Arnault briefly mentioned some of the group’s top executives, like Stéphane Bianchi, head of LVMH’s watch-making division, “who will soon be assuming a new role,” and Chris de Lapuente, referring to the “remarkable” results posted by Sephora, the only brand “that will be impossible to slow down,” according to Arnault. 

Arnault, a clever tactician and a luxury expert, set out to explain that, with the global luxury sector facing a complex situation, desirability stems from well-managed growth. And that, despite his successful deputies’ ambitious plans, the LVMH skipper is keen to grow at a prudent pace. Undoubtedly, this was also a way of managing investors’ expectations for the group’s fiscal 2024 results.

“I am often told ‘Why do you only grow by 8% or 9%?’ “I hope we won’t do more than that,” Arnault said twice. “I’d rather slow down than accelerate. I am fortunate enough to have collaborators who need to be held back. For example, Pietro [Beccari, formerly with Dior and now in charge of Louis Vuitton], whom I constantly need to curb. The same goes for Delphine [Arnault, in charge of Dior]. And let’s not even talk about Michael [Burke, formerly of Louis Vuitton, who will take charge of LVMH’s fashion division]. I spent 10 years reining him in at Louis Vuitton.”

With regards to Louis Vuitton, Arnault extolled the watches developed by La Fabrique du Temps in Geneva, which creates “genuine mechanical wonders,” selling between €500,000 and €1 million. He further hinted at his passion for watches, describing a high-end model produced in just a handful of copies, featuring on the dial Einstein sticking out his tongue. “It even tells the time,” he quipped.

Arnault mentioned Louis Vuitton and Dior, but he also paid attention to Bulgari and Tiffany, whose “operating income tripled compared to the year before we bought it.” He didn’t dwell on the results of the other labels belonging to LVMH’s fashion and leather goods division, save for a few words on Celine and Loewe, and on the results of Berluti, the label led for the last 10 years by Antoine Arnault.

Instead, he focused on his group’s main assets, blending anecdote with analysis: “There was an interesting article in the Financial Times this morning. It’s a very well-informed newspaper, just like [French business daily] Les Echos. In fact, I recommend Les Echos, it’s a very good newspaper,” said Arnault – who owns Les Echos.

“[The FT] article said that the LVMH group, in the soft luxury sector, has the world’s two most powerful brands, Louis Vuitton and Dior, and they have two quite remarkable competitors, Chanel and Hermès. In terms of hard luxury products, in other words watches and jewellery, we have two extraordinary brands, Tiffany and Bulgari, and among their competitors there’s a highly successful group, Richemont, which also owns two great brands: Cartier and Van Cleef & Arpels. So, of the eight [luxury] brands I regard as the best in the world, we own half. Not bad,” said Arnault. “We shall see what will happen next, whether we’ll manage to extend our boundaries a little, or to encourage certain brands to join the first four,” he added.
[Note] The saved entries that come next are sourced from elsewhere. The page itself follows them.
text \<open>Cramer's rule for the system \<open>V(b) C = (P(b\<^sub>i))\<^sub>i\<close>: replacing column \<open>j\<close> of \<open>V(b)\<close>, whose
  entries are at most \<open>r\<^bsup>|j|\<^esup>\<close>, by the right-hand side trades the factor \<open>r\<^bsup>|j|\<^esup>\<close> for \<open>Y\<close>.\<close>
lemma cramer_coeff_bound:
  fixes b :: "nat \<Rightarrow> real^'n::finite" and C :: "('n \<Rightarrow> nat) \<Rightarrow> real" and d :: nat
  defines "M \<equiv> Ncount CARD('n) (int d)"
  assumes b: "\<And>i t. i < M \<Longrightarrow> \<bar>b i $ t\<bar> \<le> r"
    and Y: "\<And>i. i < M \<Longrightarrow> \<bar>\<Sum>j\<in>mindex d. C j * monomial (b i) j\<bar> \<le> Y"
    and j: "j \<in> mindex d"
  shows "\<bar>C j\<bar> * \<bar>det (vandermonde d b)\<bar> * r ^ sum j UNIV
     \<le> fact M * Y * r ^ (\<Sum>j\<in>(mindex d :: ('n \<Rightarrow> nat) set). sum j UNIV)"
proof -
  obtain l where l: "l < M" "menum d l = j"
    using j bij_betw_menum[of d, where 'n='n] unfolding M_def bij_betw_def by (metis imageE lessThan_iff)
  define A where "A = vandermonde d b"
  define v where "v = Matrix.vec M (\<lambda>l. C (menum d l))"
  have A: "A \<in> carrier_mat M M" unfolding A_def M_def by (rule vandermonde_carrier)
  have Av: "(A *\<^sub>v v) $ i = (\<Sum>j\<in>mindex d. C j * monomial (b i) j)" if "i < M" for i
  proof -
    have "(A *\<^sub>v v) $ i = (\<Sum>k<M. C (menum d k) * monomial (b i) (menum d k))"
      using that A by (auto simp: scalar_prod_def v_def A_def vandermonde_def M_def atLeast0LessThan
          intro!: sum.cong)
    then show ?thesis unfolding M_def by (simp add: sum_menum[where F="\<lambda>j. C j * monomial (b i) j"])
  qed
  have "0 \<le> r" by (rule order_trans[OF abs_ge_zero b[OF l(1)]])
  define g where "g l' = (if l' = l then Y else r ^ sum (menum d l' :: 'n \<Rightarrow> nat) UNIV)" for l'
  have "\<bar>C j\<bar> * \<bar>det A\<bar> = \<bar>det (replace_col A (A *\<^sub>v v) l)\<bar>"
    using cramer_lemma_mat[OF A _ l(1), of v] l by (simp add: v_def abs_mult)
  also have "\<dots> \<le> fact M * (\<Prod>l'<M. g l')"
  proof (rule abs_det_le_fact_prod)
    show "replace_col A (A *\<^sub>v v) l \<in> carrier_mat M M" using A by (simp add: replace_col_def)
    fix i l' assume i: "i < M" and l': "l' < M"
    show "\<bar>replace_col A (A *\<^sub>v v) l $$ (i, l')\<bar> \<le> g l'"
    proof (cases "l' = l")
      case True
      then show ?thesis using i l' A Av[OF i] Y[OF i] by (simp add: replace_col_def g_def)
    next
      case False
      have "\<bar>A $$ (i, l')\<bar> \<le> r ^ sum (menum d l' :: 'n \<Rightarrow> nat) UNIV"
        using i l' b[OF i] by (simp add: A_def vandermonde_def M_def abs_monomial_le)
      then show ?thesis using i l' A False by (simp add: replace_col_def g_def)
    qed
  qed
  also have "(\<Prod>l'<M. g l') = Y * (\<Prod>l'\<in>{..<M} - {l}. r ^ sum (menum d l' :: 'n \<Rightarrow> nat) UNIV)"
    using l by (simp add: prod.remove[of "{..<M}" l] g_def)
  finally have "\<bar>C j\<bar> * \<bar>det A\<bar> \<le> fact M * (Y * (\<Prod>l'\<in>{..<M} - {l}. r ^ sum (menum d l' :: 'n \<Rightarrow> nat) UNIV))" .
  from mult_right_mono[OF this zero_le_power[OF \<open>0 \<le> r\<close>, of "sum j UNIV"]] l(2)
  have "\<bar>C j\<bar> * \<bar>det A\<bar> * r ^ sum j UNIV
      \<le> fact M * Y * ((\<Prod>l'\<in>{..<M} - {l}. r ^ sum (menum d l' :: 'n \<Rightarrow> nat) UNIV) * r ^ sum j UNIV)"
    by (simp add: mult.assoc)
  also have "(\<Prod>l'\<in>{..<M} - {l}. r ^ sum (menum d l' :: 'n \<Rightarrow> nat) UNIV) * r ^ sum j UNIV
      = (\<Prod>l'<M. r ^ sum (menum d l' :: 'n \<Rightarrow> nat) UNIV)"
    using l by (simp add: prod.remove[of "{..<M}" l] mult.commute)
  also have "\<dots> = (\<Prod>j\<in>(mindex d :: ('n \<Rightarrow> nat) set). r ^ sum j UNIV)"
    unfolding M_def by (rule prod_menum)
  also have "\<dots> = r ^ (\<Sum>j\<in>(mindex d :: ('n \<Rightarrow> nat) set). sum j UNIV)"
    by (rule power_sum[symmetric])
  finally show ?thesis by (simp add: A_def)
qed

definition translation_coeff :: "real^'n::finite \<Rightarrow> ('n \<Rightarrow> nat) \<Rightarrow> ('n \<Rightarrow> nat) \<Rightarrow> real" where
  "translation_coeff x j j' = (\<Prod>i\<in>UNIV. of_nat (j' i choose j i) * (x $ i) ^ (j' i - j i))"

lemma monomial_add_expand:
  fixes b x :: "real^'n::finite"
  assumes j': "j' \<in> mindex d"
  shows "monomial (b + x) j' = (\<Sum>j\<in>mindex d. monomial b j * translation_coeff x j j')"
proof -
  let ?F = "\<lambda>i k. of_nat (j' i choose k) * (b $ i) ^ k * (x $ i) ^ (j' i - k)"
  have "monomial (b + x) j' = (\<Prod>i\<in>UNIV. \<Sum>k\<le>j' i. ?F i k)"
    unfolding monomial_def by (simp add: binomial_ring)
  also have "\<dots> = (\<Sum>g\<in>PiE UNIV (\<lambda>i. {..j' i}). \<Prod>i\<in>UNIV. ?F i (g i))"
    by (rule prod_sum_PiE) auto
  also have "PiE UNIV (\<lambda>i. {..j' i}) = {j. \<forall>i. j i \<le> j' i}"
    by (auto simp: PiE_UNIV_domain)
  also have "(\<Sum>g\<in>{j. \<forall>i. j i \<le> j' i}. \<Prod>i\<in>UNIV. ?F i (g i))
      = (\<Sum>j\<in>{j. \<forall>i. j i \<le> j' i}. monomial b j * translation_coeff x j j')"
  proof (rule sum.cong[OF refl])
    fix j :: "'n \<Rightarrow> nat"
    show "(\<Prod>i\<in>UNIV. ?F i (j i)) = monomial b j * translation_coeff x j j'"
      unfolding monomial_def translation_coeff_def prod.distrib[symmetric]
      by (rule prod.cong) (simp_all add: mult_ac)
  qed
  also have "\<dots> = (\<Sum>j\<in>mindex d. monomial b j * translation_coeff x j j')"
  proof (rule sum.mono_neutral_left)
    show "{j. \<forall>i. j i \<le> j' i} \<subseteq> mindex d"
    proof
      fix j assume "j \<in> {j. \<forall>i. j i \<le> j' i}"
      then have "sum j UNIV \<le> sum j' UNIV" by (intro sum_mono) auto
      then show "j \<in> mindex d" using j' by (simp add: mindex_def)
    qed
    show "\<forall>j\<in>mindex d - {j. \<forall>i. j i \<le> j' i}. monomial b j * translation_coeff x j j' = 0"
    proof
      fix j assume "j \<in> mindex d - {j. \<forall>i. j i \<le> j' i}"
      then obtain i where "j' i < j i" by (auto simp: not_le)
      then have "translation_coeff x j j' = 0"
        unfolding translation_coeff_def by (intro prod_zero) (auto intro!: bexI[of _ i])
      then show "monomial b j * translation_coeff x j j' = 0" by simp
    qed
  qed simp
  finally show ?thesis .
qed

definition translation_matrix :: "nat \<Rightarrow> real^'n::finite \<Rightarrow> real mat" where
  "translation_matrix d x = mat (Ncount CARD('n) (int d)) (Ncount CARD('n) (int d))
     (\<lambda>(l, l'). translation_coeff x (menum d l) (menum d l'))"

lemma vandermonde_translate:
  fixes a :: "nat \<Rightarrow> real^'n::finite"
  shows "vandermonde d a = vandermonde d (\<lambda>i. a i - x) * translation_matrix d x"
proof (rule eq_matI)
  let ?M = "Ncount CARD('n) (int d)"
  fix i l' assume "i < dim_row (vandermonde d (\<lambda>i. a i - x) * translation_matrix d x)"
    "l' < dim_col (vandermonde d (\<lambda>i. a i - x) * translation_matrix d x)"
  then have i: "i < ?M" and l': "l' < ?M" by (auto simp: vandermonde_def translation_matrix_def)
  have "(vandermonde d (\<lambda>i. a i - x) * translation_matrix d x) $$ (i, l')
      = (\<Sum>l<?M. monomial (a i - x) (menum d l) * translation_coeff x (menum d l) (menum d l'))"
    using i l' by (simp add: vandermonde_def translation_matrix_def scalar_prod_def atLeast0LessThan)
  also have "\<dots> = (\<Sum>j\<in>mindex d. monomial (a i - x) j * translation_coeff x j (menum d l'))"
    by (rule sum_menum[where F="\<lambda>j. monomial (a i - x) j * translation_coeff x j (menum d l')"])
  also have "\<dots> = monomial ((a i - x) + x) (menum d l')"
    using bij_betw_menum[of d, where 'n='n] l' by (intro monomial_add_expand[symmetric]) (auto simp: bij_betw_def)
  also have "\<dots> = vandermonde d a $$ (i, l')" using i l' by (simp add: vandermonde_def)
  finally show "vandermonde d a $$ (i, l') = (vandermonde d (\<lambda>i. a i - x) * translation_matrix d x) $$ (i, l')"
    by simp
qed (simp_all add: vandermonde_def translation_matrix_def)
By “extending our boundaries,” does Arnault mean forging new ties with Richemont? “I think Mr. Rupert [president of the Richemont group] is an exceptional leader. I have no wish to disrupt his strategy. I’ve always understood he was eager to remain independent. It’s a fine idea, and if he needs help maintaining his independence, I shall be there,” he said, clearly relishing his words.

Neither Arnault nor Guiony provided details about the group’s plans for external growth. Last year, LVMH acquired Chateau Minuty, “becoming the leading producer of Provence rosé wines.” Finally, Arnault turned his attention to the main real estate operations carried out in recent months.

“This is something the group has always been active in, ever since I took charge,” he said. “We are always trying to secure and buy the best possible premises for our businesses. From early on, we have always occupied certain prime positions. We have three of the best on Fifth Avenue in New York, and on the Champs-Elysées in Paris. It’s not buying such premises that needs to be avoided, but buying B+ ones at AAA prices. Unfortunately, this is what some of our competitors don’t seem to have quite understood,” he concluded, his last barb confirming he is belligerent as always.